lemma independent_extensions_insert:
  assumes "i \<notin> I"
  shows "local.independent_extensions U W (insert i I) =
    (\<lambda>(c, x). c(i := x)) ` (SIGMA c : local.independent_extensions U W I. U - span (W \<union> c ` I))"
    (is "?T = ?f ` ?S")
proof
  show "?T \<subseteq> ?f ` ?S"
  proof
    fix c' assume "c' \<in> ?T"
    then have c': "c' \<in> insert i I \<rightarrow>\<^sub>E U" "inj_on c' (insert i I)" "c' ` insert i I \<inter> W = {}"
      "independent (W \<union> c' ` insert i I)"
      by (simp_all add: independent_extensions_def)
    define c where "c = restrict c' I"
    have "c \<in> local.independent_extensions U W I"
      unfolding independent_extensions_def c_def
      using c' independent_mono[OF c'(4), of "W \<union> c' ` I"] inj_on_subset[OF c'(2)]
      by auto
    moreover have "c' i \<notin> span (W \<union> c ` I)"
    proof -
      have "c' i \<notin> W \<union> c ` I"
        using c'(2,3) assms by (auto simp: c_def)
      then show ?thesis
        using c'(4) independent_insert[of "c' i" "W \<union> c ` I"] by (simp add: c_def)
    qed
    moreover have "c' i \<in> U" using c'(1) by auto
    ultimately have "(c, c' i) \<in> ?S" by blast
    moreover have "c' = ?f (c, c' i)" using c'(1) assms by (simp add: c_def)
    ultimately show "c' \<in> ?f ` ?S" by blast
  qed
next
  show "?f ` ?S \<subseteq> ?T"
  proof
    fix y assume "y \<in> ?f ` ?S"
    then obtain c x where c: "c \<in> local.independent_extensions U W I"
      and x: "x \<in> U" "x \<notin> span (W \<union> c ` I)" and y: "y = c(i := x)"
      by auto
    have c_props: "c \<in> I \<rightarrow>\<^sub>E U" "inj_on c I" "c ` I \<inter> W = {}" "independent (W \<union> c ` I)"
      using c by (simp_all add: independent_extensions_def)
    have same: "(c(i := x)) ` I = c ` I" using assms by (intro image_cong) auto
    have "x \<notin> W \<union> c ` I" using x(2) by (auto intro: span_base)
    moreover have "independent (insert x (W \<union> c ` I))"
      using x(2) c_props(4) by (rule independent_insertI)
    ultimately show "y \<in> ?T"
      using c_props x(1) assms same unfolding y independent_extensions_def
      by (simp add: PiE_fun_upd inj_on_fun_updI)
  qed
qed

lemma card_independent_extensions:
  assumes "finite (UNIV :: 'a set)" "subspace U" "finite U" "W \<subseteq> U" "independent W" "finite I"
  shows "card (local.independent_extensions U W I) =
    (\<Prod>j<card I. card (UNIV :: 'a set) ^ dim U - card (UNIV :: 'a set) ^ (card W + j))"
  using assms(6)
proof (induction I rule: finite_induct)
  case empty
  show ?case using assms(5) by (simp add: independent_extensions_empty)
next
  case (insert i I)
  let ?q = "card (UNIV :: 'a set)" and ?S = "local.independent_extensions U W I"
  let ?R = "\<lambda>c. U - span (W \<union> c ` I)"
  have fibre: "card (?R c) = ?q ^ dim U - ?q ^ (card W + card I)" if c: "c \<in> ?S" for c
  proof -
    have c_props: "c ` I \<subseteq> U" "inj_on c I" "c ` I \<inter> W = {}" "independent (W \<union> c ` I)"
      using c by (auto simp: independent_extensions_def)
    have finite_W: "finite W" using assms(3,4) finite_subset by blast
    have "span (W \<union> c ` I) \<subseteq> U"
      using c_props(1) assms(2,4) by (intro span_minimal) auto
    moreover have "card (span (W \<union> c ` I)) = ?q ^ (card W + card I)"
      using card_span_independent[OF assms(1) _ c_props(4)] c_props(2,3) finite_W insert(1)
      by (simp add: card_Un_disjoint card_image Int_commute)
    ultimately show ?thesis
      using card_subspace[OF assms(1-3)] assms(3) by (simp add: card_Diff_subset finite_subset)
  qed
  have "inj_on (\<lambda>(c, x). c(i := x)) (SIGMA c : ?S. ?R c)"
  proof (rule inj_onI, clarify)
    fix c x d y assume "c \<in> ?S" "d \<in> ?S" and eq: "c(i := x) = d(i := y)"
    then have "c i = undefined" "d i = undefined"
      using insert(2) by (auto simp: independent_extensions_def PiE_def extensional_def)
    then show "c = d \<and> x = y" using eq by (metis fun_upd_same fun_upd_triv fun_upd_upd)
  qed
  moreover have "finite ?S"
    using insert(1) assms(3)
    by (intro finite_subset[OF _ finite_PiE[of I "\<lambda>_. U"]]) (auto simp: independent_extensions_def)
  ultimately have "card (local.independent_extensions U W (insert i I)) = (\<Sum>c\<in>?S. card (?R c))"
    using assms(3) by (simp add: independent_extensions_insert[OF insert(2)] card_image)
  also have "\<dots> = card ?S * (?q ^ dim U - ?q ^ (card W + card I))"
    using fibre by simp
  finally show ?case using insert by simp
qed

The task - Repeat every entry above exactly, leaving nothing out.

Problem solution -
lemma independent_extensions_insert:
  assumes "i \<notin> I"
  shows "local.independent_extensions U W (insert i I) =
    (\<lambda>(c, x). c(i := x)) ` (SIGMA c : local.independent_extensions U W I. U - span (W \<union> c ` I))"
    (is "?T = ?f ` ?S")
proof
  show "?T \<subseteq> ?f ` ?S"
  proof
    fix c' assume "c' \<in> ?T"
    then have c': "c' \<in> insert i I \<rightarrow>\<^sub>E U" "inj_on c' (insert i I)" "c' ` insert i I \<inter> W = {}"
      "independent (W \<union> c' ` insert i I)"
      by (simp_all add: independent_extensions_def)
    define c where "c = restrict c' I"
    have "c \<in> local.independent_extensions U W I"
      unfolding independent_extensions_def c_def
      using c' independent_mono[OF c'(4), of "W \<union> c' ` I"] inj_on_subset[OF c'(2)]
      by auto
    moreover have "c' i \<notin> span (W \<union> c ` I)"
    proof -
      have "c' i \<notin> W \<union> c ` I"
        using c'(2,3) assms by (auto simp: c_def)
      then show ?thesis
        using c'(4) independent_insert[of "c' i" "W \<union> c ` I"] by (simp add: c_def)
    qed
    moreover have "c' i \<in> U" using c'(1) by auto
    ultimately have "(c, c' i) \<in> ?S" by blast
    moreover have "c' = ?f (c, c' i)" using c'(1) assms by (simp add: c_def)
    ultimately show "c' \<in> ?f ` ?S" by blast
  qed
next
  show "?f ` ?S \<subseteq> ?T"
  proof
    fix y assume "y \<in> ?f ` ?S"
    then obtain c x where c: "c \<in> local.independent_extensions U W I"
      and x: "x \<in> U" "x \<notin> span (W \<union> c ` I)" and y: "y = c(i := x)"
      by auto
    have c_props: "c \<in> I \<rightarrow>\<^sub>E U" "inj_on c I" "c ` I \<inter> W = {}" "independent (W \<union> c ` I)"
      using c by (simp_all add: independent_extensions_def)
    have same: "(c(i := x)) ` I = c ` I" using assms by (intro image_cong) auto
    have "x \<notin> W \<union> c ` I" using x(2) by (auto intro: span_base)
    moreover have "independent (insert x (W \<union> c ` I))"
      using x(2) c_props(4) by (rule independent_insertI)
    ultimately show "y \<in> ?T"
      using c_props x(1) assms same unfolding y independent_extensions_def
      by (simp add: PiE_fun_upd inj_on_fun_updI)
  qed
qed

lemma card_independent_extensions:
  assumes "finite (UNIV :: 'a set)" "subspace U" "finite U" "W \<subseteq> U" "independent W" "finite I"
  shows "card (local.independent_extensions U W I) =
    (\<Prod>j<card I. card (UNIV :: 'a set) ^ dim U - card (UNIV :: 'a set) ^ (card W + j))"
  using assms(6)
proof (induction I rule: finite_induct)
  case empty
  show ?case using assms(5) by (simp add: independent_extensions_empty)
next
  case (insert i I)
  let ?q = "card (UNIV :: 'a set)" and ?S = "local.independent_extensions U W I"
  let ?R = "\<lambda>c. U - span (W \<union> c ` I)"
  have fibre: "card (?R c) = ?q ^ dim U - ?q ^ (card W + card I)" if c: "c \<in> ?S" for c
  proof -
    have c_props: "c ` I \<subseteq> U" "inj_on c I" "c ` I \<inter> W = {}" "independent (W \<union> c ` I)"
      using c by (auto simp: independent_extensions_def)
    have finite_W: "finite W" using assms(3,4) finite_subset by blast
    have "span (W \<union> c ` I) \<subseteq> U"
      using c_props(1) assms(2,4) by (intro span_minimal) auto
    moreover have "card (span (W \<union> c ` I)) = ?q ^ (card W + card I)"
      using card_span_independent[OF assms(1) _ c_props(4)] c_props(2,3) finite_W insert(1)
      by (simp add: card_Un_disjoint card_image Int_commute)
    ultimately show ?thesis
      using card_subspace[OF assms(1-3)] assms(3) by (simp add: card_Diff_subset finite_subset)
  qed
  have "inj_on (\<lambda>(c, x). c(i := x)) (SIGMA c : ?S. ?R c)"
  proof (rule inj_onI, clarify)
    fix c x d y assume "c \<in> ?S" "d \<in> ?S" and eq: "c(i := x) = d(i := y)"
    then have "c i = undefined" "d i = undefined"
      using insert(2) by (auto simp: independent_extensions_def PiE_def extensional_def)
    then show "c = d \<and> x = y" using eq by (metis fun_upd_same fun_upd_triv fun_upd_upd)
  qed
  moreover have "finite ?S"
    using insert(1) assms(3)
    by (intro finite_subset[OF _ finite_PiE[of I "\<lambda>_. U"]]) (auto simp: independent_extensions_def)
  ultimately have "card (local.independent_extensions U W (insert i I)) = (\<Sum>c\<in>?S. card (?R c))"
    using assms(3) by (simp add: independent_extensions_insert[OF insert(2)] card_image)
  also have "\<dots> = card ?S * (?q ^ dim U - ?q ^ (card W + card I))"
    using fibre by simp
  finally show ?case using insert by simp
qed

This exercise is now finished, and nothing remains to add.